## [PROBLEM TO SOLVE]
Whenever a line in the entries below includes the string "refl", count that line. Report the total alone.

## [SOURCE INFORMATION]

(* Let $n$ be even. Any quantum query algorithm that, given oracle access to $O_P$ for an arbitrary fixed-point-free involution $\sigma$ on $[n]$, outputs the single-bit descriptor of $\sigma$ with probability at least $\frac23$ must make $\Omega(n^{3/2})$ queries in the worst case.
   Context: A permutation $\sigma$ on $[n]$ is represented by its $n\times n$ permutation matrix $P$ with $P_{i,j}=1$ iff $\sigma(i)=j$, accessible only through the unitary $O_P:\lvert i,j,b\rangle\mapsto\lvert i,j,b\oplus P_{i,j}\rangle$. The single-bit descriptor of $\sigma$ is the string $z\in\{0,1\}^n$ with $z_i=\sigma(i)\bmod 2$. A fixed-point-free involution is a permutation $\sigma$ with $\sigma(\sigma(i))=i$ and $\sigma(i)\ne i$ for all $i$ (the $\mathsf{Descriptor}$ problem is computing the single-bit descriptor of such $\sigma$). *)

theory Defs
  imports "HOL-Analysis.Analysis" "HOL-Combinatorics.Permutations"
begin

text \<open>Computational basis states of an algorithm with workspace of dimension m:
  (i, j, b, w) with i, j in [n] = {1..n}, b a bit, w < m.\<close>
type_synonym qstate = "nat \<times> nat \<times> bool \<times> nat"

definition qcarrier :: "nat \<Rightarrow> nat \<Rightarrow> qstate set" where
  "qcarrier n m = {1..n} \<times> {1..n} \<times> (UNIV :: bool set) \<times> {..<m}"

definition unitary_on :: "qstate set \<Rightarrow> (qstate \<Rightarrow> qstate \<Rightarrow> complex) \<Rightarrow> bool" where
  "unitary_on S U \<longleftrightarrow>
     (\<forall>s t. s \<notin> S \<or> t \<notin> S \<longrightarrow> U s t = 0) \<and>
     (\<forall>s\<in>S. \<forall>t\<in>S. (\<Sum>k\<in>S. cnj (U k s) * U k t) = (if s = t then 1 else 0))"

definition apply_op :: "qstate set \<Rightarrow> (qstate \<Rightarrow> qstate \<Rightarrow> complex) \<Rightarrow> (qstate \<Rightarrow> complex) \<Rightarrow> (qstate \<Rightarrow> complex)" where
  "apply_op S U v = (\<lambda>s. \<Sum>t\<in>S. U s t * v t)"

definition basis_vec :: "qstate \<Rightarrow> qstate \<Rightarrow> complex" where
  "basis_vec s0 = (\<lambda>s. if s = s0 then 1 else 0)"

definition perm_matrix :: "(nat \<Rightarrow> nat) \<Rightarrow> nat \<Rightarrow> nat \<Rightarrow> bool" where
  "perm_matrix \<sigma> i j \<longleftrightarrow> \<sigma> i = j"

definition query_op :: "(nat \<Rightarrow> nat) \<Rightarrow> (qstate \<Rightarrow> complex) \<Rightarrow> (qstate \<Rightarrow> complex)" where
  "query_op \<sigma> v = (\<lambda>(i, j, b, w). v (i, j, b \<noteq> perm_matrix \<sigma> i j, w))"

primrec run :: "qstate set \<Rightarrow> (nat \<Rightarrow> qstate \<Rightarrow> qstate \<Rightarrow> complex) \<Rightarrow> (nat \<Rightarrow> nat) \<Rightarrow> nat \<Rightarrow> (qstate \<Rightarrow> complex)" where
  "run S U \<sigma> 0 = apply_op S (U 0) (basis_vec (1, 1, False, 0))"
| "run S U \<sigma> (Suc k) = apply_op S (U (Suc k)) (query_op \<sigma> (run S U \<sigma> k))"

definition descriptor :: "(nat \<Rightarrow> nat) \<Rightarrow> nat \<Rightarrow> bool" where
  "descriptor \<sigma> i = (\<sigma> i mod 2 = 1)"

definition fpf_involution :: "nat \<Rightarrow> (nat \<Rightarrow> nat) \<Rightarrow> bool" where
  "fpf_involution n \<sigma> \<longleftrightarrow> \<sigma> permutes {1..n} \<and> (\<forall>i\<in>{1..n}. \<sigma> (\<sigma> i) = i \<and> \<sigma> i \<noteq> i)"

text \<open>A T-query algorithm (workspace dimension m, unitaries U 0 .. U T, classical
  post-processing f of the measured basis state) with output an n-bit string
  (a function on {1..n}); probability that the output equals the descriptor.\<close>
definition success_prob ::
  "nat \<Rightarrow> nat \<Rightarrow> nat \<Rightarrow> (nat \<Rightarrow> qstate \<Rightarrow> qstate \<Rightarrow> complex) \<Rightarrow> (qstate \<Rightarrow> nat \<Rightarrow> bool) \<Rightarrow> (nat \<Rightarrow> nat) \<Rightarrow> real" where
  "success_prob n m T U f \<sigma> =
     (\<Sum>s\<in>{s \<in> qcarrier n m. \<forall>i\<in>{1..n}. f s i = descriptor \<sigma> i}.
        (cmod (run (qcarrier n m) U \<sigma> T s))\<^sup>2)"

definition query_algorithm :: "nat \<Rightarrow> nat \<Rightarrow> nat \<Rightarrow> (nat \<Rightarrow> qstate \<Rightarrow> qstate \<Rightarrow> complex) \<Rightarrow> bool" where
  "query_algorithm n m T U \<longleftrightarrow> (\<forall>k\<le>T. unitary_on (qcarrier n m) (U k))"

end

theory Submission
  imports Defs
begin

text \<open>A weighted adversary argument. Relate every fixed-point-free involution x to its
  conjugates y = (u v) x (u v) with u odd, v even and x u \<noteq> v. Then y (x u) = v is even while
  x (x u) = u is odd, so x and y have different descriptors, and a successful algorithm must
  drive the overlap of the final states of x and y from 1 down to 19/20. A query only sees the
  entries where the permutation matrices of x and y differ; weighting the AM-GM bound for these
  entries by 1/sqrt n on the support of x's matrix and by sqrt n elsewhere, one query lowers the
  total overlap by at most 8 sqrt n per involution, because an entry (i, x i) is moved by at most
  4n conjugations and any other entry by at most 4. Every involution has about n^2/4
  conjugates, so T \<ge> n^(3/2) / 1280.\<close>

section \<open>Inner products on a finite basis\<close>

definition inner_on :: "'a set \<Rightarrow> ('a \<Rightarrow> complex) \<Rightarrow> ('a \<Rightarrow> complex) \<Rightarrow> complex" where
  "inner_on S v w = (\<Sum>s\<in>S. cnj (v s) * w s)"

definition mass_on :: "'a set \<Rightarrow> ('a \<Rightarrow> complex) \<Rightarrow> real" where
  "mass_on S v = (\<Sum>s\<in>S. (cmod (v s))\<^sup>2)"

lemma inner_on_self: "inner_on S v v = of_real (mass_on S v)"
  unfolding inner_on_def mass_on_def of_real_sum
  by (intro sum.cong refl) (metis complex_norm_square mult.commute)

lemma mass_on_nonneg: "mass_on S v \<ge> 0"
  by (simp add: mass_on_def sum_nonneg)

lemma mass_on_mono: "finite B \<Longrightarrow> A \<subseteq> B \<Longrightarrow> mass_on A v \<le> mass_on B v"
  unfolding mass_on_def by (rule sum_mono2) auto

lemma mass_on_Diff: "finite S \<Longrightarrow> A \<subseteq> S \<Longrightarrow> mass_on (S - A) v = mass_on S v - mass_on A v"
  by (simp add: mass_on_def sum_diff)

lemma inner_on_apply_op:
  assumes U: "unitary_on S U" and fin: "finite S"
  shows "inner_on S (apply_op S U v) (apply_op S U w) = inner_on S v w"
proof -
  have "inner_on S (apply_op S U v) (apply_op S U w) =
     (\<Sum>s\<in>S. \<Sum>t'\<in>S. \<Sum>t\<in>S. cnj (v t) * w t' * (cnj (U s t) * U s t'))"
    by (simp add: inner_on_def apply_op_def sum_product algebra_simps)
  also have "\<dots> = (\<Sum>t\<in>S. \<Sum>s\<in>S. \<Sum>t'\<in>S. cnj (v t) * w t' * (cnj (U s t) * U s t'))"
    by (subst sum.swap) (rule sum.cong[OF refl], rule sum.swap)
  also have "\<dots> = (\<Sum>t\<in>S. \<Sum>t'\<in>S. cnj (v t) * w t' * (\<Sum>s\<in>S. cnj (U s t) * U s t'))"
    by (simp add: sum_distrib_left, subst sum.swap, rule refl)
  also have "\<dots> = (\<Sum>t\<in>S. \<Sum>t'\<in>S. cnj (v t) * w t' * (if t = t' then 1 else 0))"
    using U unfolding unitary_on_def by (intro sum.cong refl) auto
  also have "\<dots> = inner_on S v w"
    by (simp add: inner_on_def fin if_distrib cong: if_cong)
  finally show ?thesis .
qed

lemma mult_le_weighted_squares:
  fixes x y e :: real
  assumes "e > 0"
  shows "x * y \<le> (e * x\<^sup>2 + y\<^sup>2 / e) / 2"
proof -
  have "0 \<le> (e * x - y)\<^sup>2 / e" using assms by simp
  also have "(e * x - y)\<^sup>2 / e = e * x\<^sup>2 + y\<^sup>2 / e - 2 * x * y"
    using assms by (simp add: field_simps power2_eq_square)
  finally show ?thesis by simp
qed

lemma norm_inner_on_le:
  assumes "e > 0"
  shows "cmod (inner_on S v w) \<le> (e * mass_on S v + mass_on S w / e) / 2"
proof -
  have "cmod (inner_on S v w) \<le> (\<Sum>s\<in>S. cmod (v s) * cmod (w s))"
    unfolding inner_on_def by (rule order_trans[OF norm_sum]) (simp add: norm_mult)
  also have "\<dots> \<le> (\<Sum>s\<in>S. (e * (cmod (v s))\<^sup>2 + (cmod (w s))\<^sup>2 / e) / 2)"
    by (intro sum_mono mult_le_weighted_squares assms)
  also have "\<dots> = (e * mass_on S v + mass_on S w / e) / 2"
    by (simp add: mass_on_def sum.distrib sum_distrib_left sum_divide_distrib add_divide_distrib)
  finally show ?thesis .
qed

lemma norm_inner_on_separated_le:
  assumes fin: "finite S" and A: "A \<subseteq> S"
    and v: "mass_on S v = 1" "mass_on A v \<ge> 2/3"
    and w: "mass_on S w = 1" "mass_on A w \<le> 1/3"
  shows "cmod (inner_on S v w) \<le> 19/20"
proof -
  have split: "inner_on S v w = inner_on A v w + inner_on (S - A) v w"
    unfolding inner_on_def using fin A by (metis add.commute sum.subset_diff)
  have rest: "mass_on (S - A) v = 1 - mass_on A v" "mass_on (S - A) w = 1 - mass_on A w"
    using fin A v w by (simp_all add: mass_on_Diff)
  \<comment> \<open>weight 4/5 on A and 5/4 off A give the bound 41/40 - 9/40 (mass_on A v - mass_on A w)\<close>
  have "cmod (inner_on A v w) \<le> (4/5 * mass_on A v + mass_on A w / (4/5)) / 2"
    by (rule norm_inner_on_le) simp
  moreover have "cmod (inner_on (S - A) v w)
      \<le> (5/4 * mass_on (S - A) v + mass_on (S - A) w / (5/4)) / 2"
    by (rule norm_inner_on_le) simp
  ultimately show ?thesis
    using split rest v w norm_triangle_ineq[of "inner_on A v w" "inner_on (S - A) v w"]
    by (simp add: field_simps)
qed
lemma powr_neg_diff_ge:
  fixes a b \<beta> :: real
  assumes "0 < a" "a \<le> b" "\<beta> > 0"
  shows "\<beta> * b powr (-(\<beta> + 1)) * (b - a) \<le> a powr (-\<beta>) - b powr (-\<beta>)"
proof -
  define t where "t = a / b"
  have b: "b > 0" and t: "0 < t" "t \<le> 1" using assms by (auto simp: t_def)
  have "1 - \<beta> * ln t \<le> exp (-\<beta> * ln t)" using exp_ge_add_one_self[of "-\<beta> * ln t"] by simp
  moreover have "\<beta> * ln t \<le> \<beta> * (t - 1)" using ln_le_minus_one[OF t(1)] assms by simp
  ultimately have "\<beta> * (1 - t) \<le> t powr (-\<beta>) - 1" using t by (simp add: powr_def algebra_simps)
  then have "b powr (-\<beta>) * (\<beta> * (1 - t)) \<le> b powr (-\<beta>) * (t powr (-\<beta>) - 1)"
    by (intro mult_left_mono) auto
  moreover have "b powr (-\<beta>) * (t powr (-\<beta>) - 1) = a powr (-\<beta>) - b powr (-\<beta>)"
    using b assms by (simp add: t_def powr_divide right_diff_distrib)
  moreover have "b powr (-\<beta>) * (\<beta> * (1 - t)) = \<beta> * b powr (-(\<beta> + 1)) * (b - a)"
  proof -
    have "b powr (-(\<beta> + 1)) = b powr (-\<beta>) / b"
      using b by (simp add: powr_diff[of b "-\<beta>" 1, simplified])
    then show ?thesis using b by (simp add: t_def field_simps)
  qed
  ultimately show ?thesis by simp
qed

lemma powr_neg_increment_ge:
  fixes a b c A \<beta> :: real
  assumes ab: "0 < a" "a \<le> b" and bc: "b \<le> c" and A: "A > 0" and \<beta>: "\<beta> > 0"
    and rec: "a powr (\<beta> + 1) \<le> A * (b - a)"
  shows "min (\<beta> / (A * 2 powr (\<beta> + 1))) (\<beta> * c powr (-\<beta>) / 2) \<le> a powr (-\<beta>) - b powr (-\<beta>)"
proof -
  have b: "b > 0" using ab by simp
  have "min (\<beta> / (A * 2 powr (\<beta> + 1))) (\<beta> * c powr (-\<beta>) / 2) \<le> \<beta> * b powr (-(\<beta> + 1)) * (b - a)"
  proof (cases "b / 2 \<le> a")
    case True
    have "(b / 2) powr (\<beta> + 1) \<le> A * (b - a)"
      using powr_mono2[of "\<beta> + 1" "b / 2" a] True b \<beta> rec by simp
    then have "b powr (\<beta> + 1) \<le> A * 2 powr (\<beta> + 1) * (b - a)"
      using b by (simp add: powr_divide field_simps)
    then have "b powr (-(\<beta> + 1)) * b powr (\<beta> + 1) \<le> b powr (-(\<beta> + 1)) * (A * 2 powr (\<beta> + 1) * (b - a))"
      by (intro mult_left_mono) auto
    moreover have "b powr (-(\<beta> + 1)) * b powr (\<beta> + 1) = 1"
      using b by (simp flip: powr_add)
    ultimately have "1 \<le> A * 2 powr (\<beta> + 1) * (b powr (-(\<beta> + 1)) * (b - a))"
      by (simp only: ac_simps)
    then have "\<beta> \<le> A * 2 powr (\<beta> + 1) * (\<beta> * b powr (-(\<beta> + 1)) * (b - a))"
      using mult_left_mono[of 1 _ \<beta>] \<beta> by (simp add: ac_simps)
    then show ?thesis using A by (simp add: min.coboundedI1 divide_le_eq mult.commute)
  next
    case False
    have "\<beta> * c powr (-\<beta>) / 2 \<le> \<beta> * b powr (-\<beta>) / 2"
      using powr_mono2'[of "-\<beta>" b c] b bc \<beta> by simp
    also have "\<dots> = \<beta> * b powr (-(\<beta> + 1)) * (b / 2)"
      using b by (simp add: powr_diff[of b "-\<beta>" 1, simplified])
    also have "\<dots> \<le> \<beta> * b powr (-(\<beta> + 1)) * (b - a)"
      using False \<beta> by (intro mult_left_mono) auto
    finally show ?thesis by (simp add: min.coboundedI2)
  qed
  then show ?thesis using powr_neg_diff_ge[OF ab \<beta>] by linarith
qed

context
  fixes r :: "nat \<Rightarrow> real" and A \<theta> :: real and N :: nat
  assumes A_pos: "A > 0"
    and nonneg: "\<And>k. k \<ge> N \<Longrightarrow> 0 \<le> r k"
    and recursion: "\<And>k. k \<ge> N \<Longrightarrow> r (Suc k) powr (2 * \<theta>) \<le> A * (r k - r (Suc k))"
begin

lemma kl_recursion_decreasing:
  assumes "k \<ge> N"
  shows "r (Suc k) \<le> r k"
proof -
  have "0 \<le> A * (r k - r (Suc k))" using recursion[OF assms] powr_ge_zero order_trans by blast
  then show ?thesis using A_pos by (simp add: zero_le_mult_iff)
qed

lemma kl_recursion_antimono:
  assumes "N \<le> k" "k \<le> j"
  shows "r j \<le> r k"
  using assms by (intro lift_Suc_antimono_le_ivl[of "{N..}" r k j]) (auto intro: kl_recursion_decreasing)

lemma kl_recursion_eventually_zero_or_pos: "(\<forall>\<^sub>F k in sequentially. r k = 0) \<or> (\<forall>k\<ge>N. r k > 0)"
proof (cases "\<exists>k\<ge>N. r k = 0")
  case True
  then obtain k0 where k0: "k0 \<ge> N" "r k0 = 0" by blast
  have "r k = 0" if "k \<ge> k0" for k
    using kl_recursion_antimono[of k0 k] nonneg[of k] that k0 by simp
  then show ?thesis unfolding eventually_sequentially by blast
next
  case False
  then show ?thesis using nonneg by force
qed

lemma kl_recursion_eventually_zero:
  assumes "\<theta> = 0" and lim: "r \<longlonglongrightarrow> 0"
  shows "\<forall>\<^sub>F k in sequentially. r k = 0"
proof -
  have "(\<lambda>k. A * (r k - r (Suc k))) \<longlonglongrightarrow> A * (0 - 0)"
    by (intro tendsto_intros lim LIMSEQ_Suc)
  then have "\<forall>\<^sub>F k in sequentially. A * (r k - r (Suc k)) < 1 \<and> k \<ge> N"
    by (intro eventually_conj order_tendstoD(2)) (auto simp: eventually_ge_at_top)
  then have "\<forall>\<^sub>F k in sequentially. r (Suc k) = 0"
  proof eventually_elim
    case (elim k)
    \<comment> \<open>a positive value would give \<open>1 = r (Suc k) powr 0 \<le> A * (r k - r (Suc k)) < 1\<close>\<close>
    then show ?case using recursion[of k] nonneg[of "Suc k"] \<open>\<theta> = 0\<close> by (auto split: if_splits)
  qed
  then show ?thesis using eventually_sequentially_Suc[of "\<lambda>k. r k = 0"] by blast
qed

lemma kl_recursion_geometric:
  assumes \<theta>: "\<theta> \<le> 1/2" and lim: "r \<longlonglongrightarrow> 0"
  shows "\<exists>q. 0 < q \<and> q < 1 \<and> r \<in> O(\<lambda>k. q ^ k)"
proof -
  define q where "q = A / (1 + A)"
  have q: "0 < q" "q < 1" using A_pos by (auto simp: q_def)
  obtain K where K: "\<And>k. k \<ge> K \<Longrightarrow> r k < 1"
    using order_tendstoD(2)[OF lim, of 1] by (auto simp: eventually_sequentially)
  have "r (Suc k) \<le> q * r k" if "k \<ge> max K N" for k
  proof -
    have "r (Suc k) \<le> r (Suc k) powr (2 * \<theta>)"
      using powr_mono'[of "2 * \<theta>" 1 "r (Suc k)"] K[of "Suc k"] nonneg[of "Suc k"] \<theta> that
      by (simp add: powr_one)
    then have "(1 + A) * r (Suc k) \<le> A * r k" using recursion[of k] that by (simp add: algebra_simps)
    then show ?thesis using A_pos by (simp add: q_def field_simps)
  qed
  then have "r \<in> O(\<lambda>k. q ^ k)"
    using bigo_power_of_eventually_contracting[OF q(1), of "max K N"] nonneg by simp
  with q show ?thesis by blast
qed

## [OUTPUT]
4